I have been trying to make a Spatial Transformer Network in Flux (https://arxiv.org/pdf/1506.02025.pdf) mostly for my own education and because I think it would be slick to make one in Julia via Flux + Interpolations.

I am having trouble defining the custom gradient, however. I’ve posted an example below, based off of MNIST example in the model zoo.
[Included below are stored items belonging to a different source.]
lemma maximizers_eq_threshold_funs_at_level:
  fixes a f :: "'v::finite \<Rightarrow> real"
  assumes "\<And>i. 0 < a i" "\<alpha> \<in> range f"
    and "weight_above a f \<alpha> \<le> M" "M \<le> weight_above a f \<alpha> + weight_at a f \<alpha>"
  shows "maximizers a f M = {u \<in> unit_mass a M. threshold_fun f \<alpha> u}"
  using assms weight_at_pos[OF assms(1,2)]
  by (intro maximizers_eq_threshold_funs[OF assms(1) level_fill_in_unit_mass threshold_fun_level_fill])

section \<open>Weighted graphs\<close>

lemma deg_eq_0_imp_UNIV:
  assumes nonneg: "\<And>i j. 0 \<le> w i j" and connected: "\<And>i j. (\<lambda>x y. 0 < w x y)\<^sup>*\<^sup>* i j"
    and "deg w i = 0"
  shows "UNIV = {i}"
proof -
  have no_edge: "w i j = 0" for j
    using assms(3) nonneg unfolding deg_def by (simp add: sum_nonneg_eq_0_iff)
  have "j = i" for j
    using connected[of i j]
  proof (rule converse_rtranclpE)
    fix y
    assume "0 < w i y"
    then show "j = i"
      using no_edge by simp
  qed simp
  then show ?thesis
    by auto
qed

lemma massV_eq: "massV w r u = (\<Sum>i\<in>UNIV. u i * deg w i powr r)"
  unfolding massV_def ipV_def by simp

text \<open>The argument relies on \<open>0 powr r = 0\<close>, also for \<open>r = 0\<close>: a single isolated vertex has mass 0.\<close>

lemma deg_pos:
  assumes "\<And>i j. 0 \<le> w i j" "\<And>i j. (\<lambda>x y. 0 < w x y)\<^sup>*\<^sup>* i j" "0 < massV w r u"
  shows "0 < deg w i"
proof (rule ccontr)
  assume "\<not> 0 < deg w i"
  moreover have "0 \<le> deg w i"
    unfolding deg_def using assms(1) by (simp add: sum_nonneg)
  ultimately have "deg w i = 0"
    by simp
  then have "massV w r u = 0"
    unfolding massV_eq deg_eq_0_imp_UNIV[OF assms(1,2) \<open>deg w i = 0\<close>] by simp
  with assms(3) show False
    by simp
qed

lemma admissible_eq_unit_mass: "admissible w r M = unit_mass (\<lambda>i. deg w i powr r) M"
  unfolding admissible_def unit_mass_def massV_eq ..

lemma argmax_set_eq_maximizers:
  "argmax_set w r \<tau> un = maximizers (\<lambda>i. deg w i powr r) (heat w r \<tau> un) (massV w r un)"
  unfolding argmax_set_def maximizers_def admissible_eq_unit_mass ipV_def Let_def ..

lemma sum_lvl_alph_eq_level_tail:
  "(\<Sum>l\<in>{k..card (range f)}. lvl w r f (alph f l)) = level_tail (\<lambda>i. deg w i powr r) f k"
  unfolding level_tail_def lvl_def weight_at_def ..

theorem theorem26:
  fixes w :: "'v::finite \<Rightarrow> 'v \<Rightarrow> real" and r \<tau> :: real and un :: "'v \<Rightarrow> real"
  assumes sym: "\<And>i j. w i j = w j i"
    and nonneg: "\<And>i j. 0 \<le> w i j"
    and loopless: "\<And>i. w i i = 0"
    and connected: "\<And>i j. (\<lambda>x y. 0 < w x y)\<^sup>*\<^sup>* i j"
    and r: "0 \<le> r" "r \<le> 1"
    and tau: "0 < \<tau>"
    and un: "unit_fun un"
    and M: "0 < massV w r un"
  shows "let M = massV w r un; f = heat w r \<tau> un; K = card (range f);
             S = argmax_set w r \<tau> un;
             P = (\<lambda>k. (\<Sum>l\<in>{k+1..K}. lvl w r f (alph f l)) < M \<and>
                      M \<le> (\<Sum>l\<in>{k..K}. lvl w r f (alph f l)))
         in \<exists>k\<in>{1..K}. P k \<and> (\<forall>k'\<in>{1..K}. P k' \<longrightarrow> k' = k) \<and>
              (\<forall>u. u \<in> S \<longleftrightarrow>
                  (u \<in> admissible w r M \<and>
                   (\<forall>i. f i < alph f k \<longrightarrow> u i = 0) \<and>
                   (\<forall>i. f i > alph f k \<longrightarrow> u i = 1) \<and>
                   M - (\<Sum>l\<in>{k+1..K}. lvl w r f (alph f l))
                     = (\<Sum>i\<in>{i. f i = alph f k}. deg w i powr r * u i))) \<and>
              ((\<exists>!u. u \<in> S) \<longleftrightarrow>
                  (M = (\<Sum>l\<in>{k..K}. lvl w r f (alph f l)) \<or> (\<exists>!i. f i = alph f k)))"
proof -
  let ?a = "\<lambda>i. deg w i powr r" and ?M = "massV w r un" and ?f = "heat w r \<tau> un"
  have a_pos: "0 < ?a i" for i
    using deg_pos[OF nonneg connected M, of i] by simp
  have "?M \<le> (\<Sum>i\<in>UNIV. ?a i)"
    using un unfolding massV_eq unit_fun_def by (intro sum_mono) (simp add: mult_left_le_one_le)
  then obtain k where k: "k \<in> {1..card (range ?f)}" "level_tail ?a ?f (k + 1) < ?M" "?M \<le> level_tail ?a ?f k"
    and k_unique: "\<And>k'. k' \<in> {1..card (range ?f)} \<and> level_tail ?a ?f (k' + 1) < ?M \<and> ?M \<le> level_tail ?a ?f k' \<Longrightarrow> k' = k"
    using level_tail_crossing_ex1[of ?a ?M ?f] a_pos M less_imp_le by metis
  define \<alpha> where "\<alpha> = alph ?f k"
  have "\<alpha> \<in> range ?f"
    using alph_image k(1) unfolding \<alpha>_def by blast
  have bounds: "weight_above ?a ?f \<alpha> < ?M" "?M \<le> weight_above ?a ?f \<alpha> + weight_at ?a ?f \<alpha>"
    using k level_tail_Suc[OF k(1)] level_tail_eq[OF k(1)] unfolding \<alpha>_def by simp_all
  have S: "argmax_set w r \<tau> un = {u \<in> unit_mass ?a ?M. threshold_fun ?f \<alpha> u}"
    unfolding argmax_set_eq_maximizers
    using maximizers_eq_threshold_funs_at_level[OF _ \<open>\<alpha> \<in> range ?f\<close>] a_pos bounds by simp
  show ?thesis
    unfolding Let_def sum_lvl_alph_eq_level_tail
    apply (intro bexI[OF _ k(1)] conjI allI k(2,3))
    subgoal
      using k_unique by blast
    subgoal for u
      unfolding S admissible_eq_unit_mass level_tail_Suc[OF k(1)] \<alpha>_def[symmetric] using unit_mass_threshold_fun_iff[of u ?a ?M ?f \<alpha>] by simp
    subgoal
      unfolding S level_tail_eq[OF k(1)] \<alpha>_def[symmetric]
      using ex1_threshold_fun_iff[OF a_pos \<open>\<alpha> \<in> range ?f\<close> bounds] by simp
    done
qed

end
The forward pass goes fine, but when I do `train!`

it gives me a `MethodError: objects of type Float64 are not callable`

.

After inspecting, it seems to me that the custom gradient I defined for `FilledExtrapolation`

objects is not being called, and it is instead trying to do the gradient itself, rather than by the Interpolations version.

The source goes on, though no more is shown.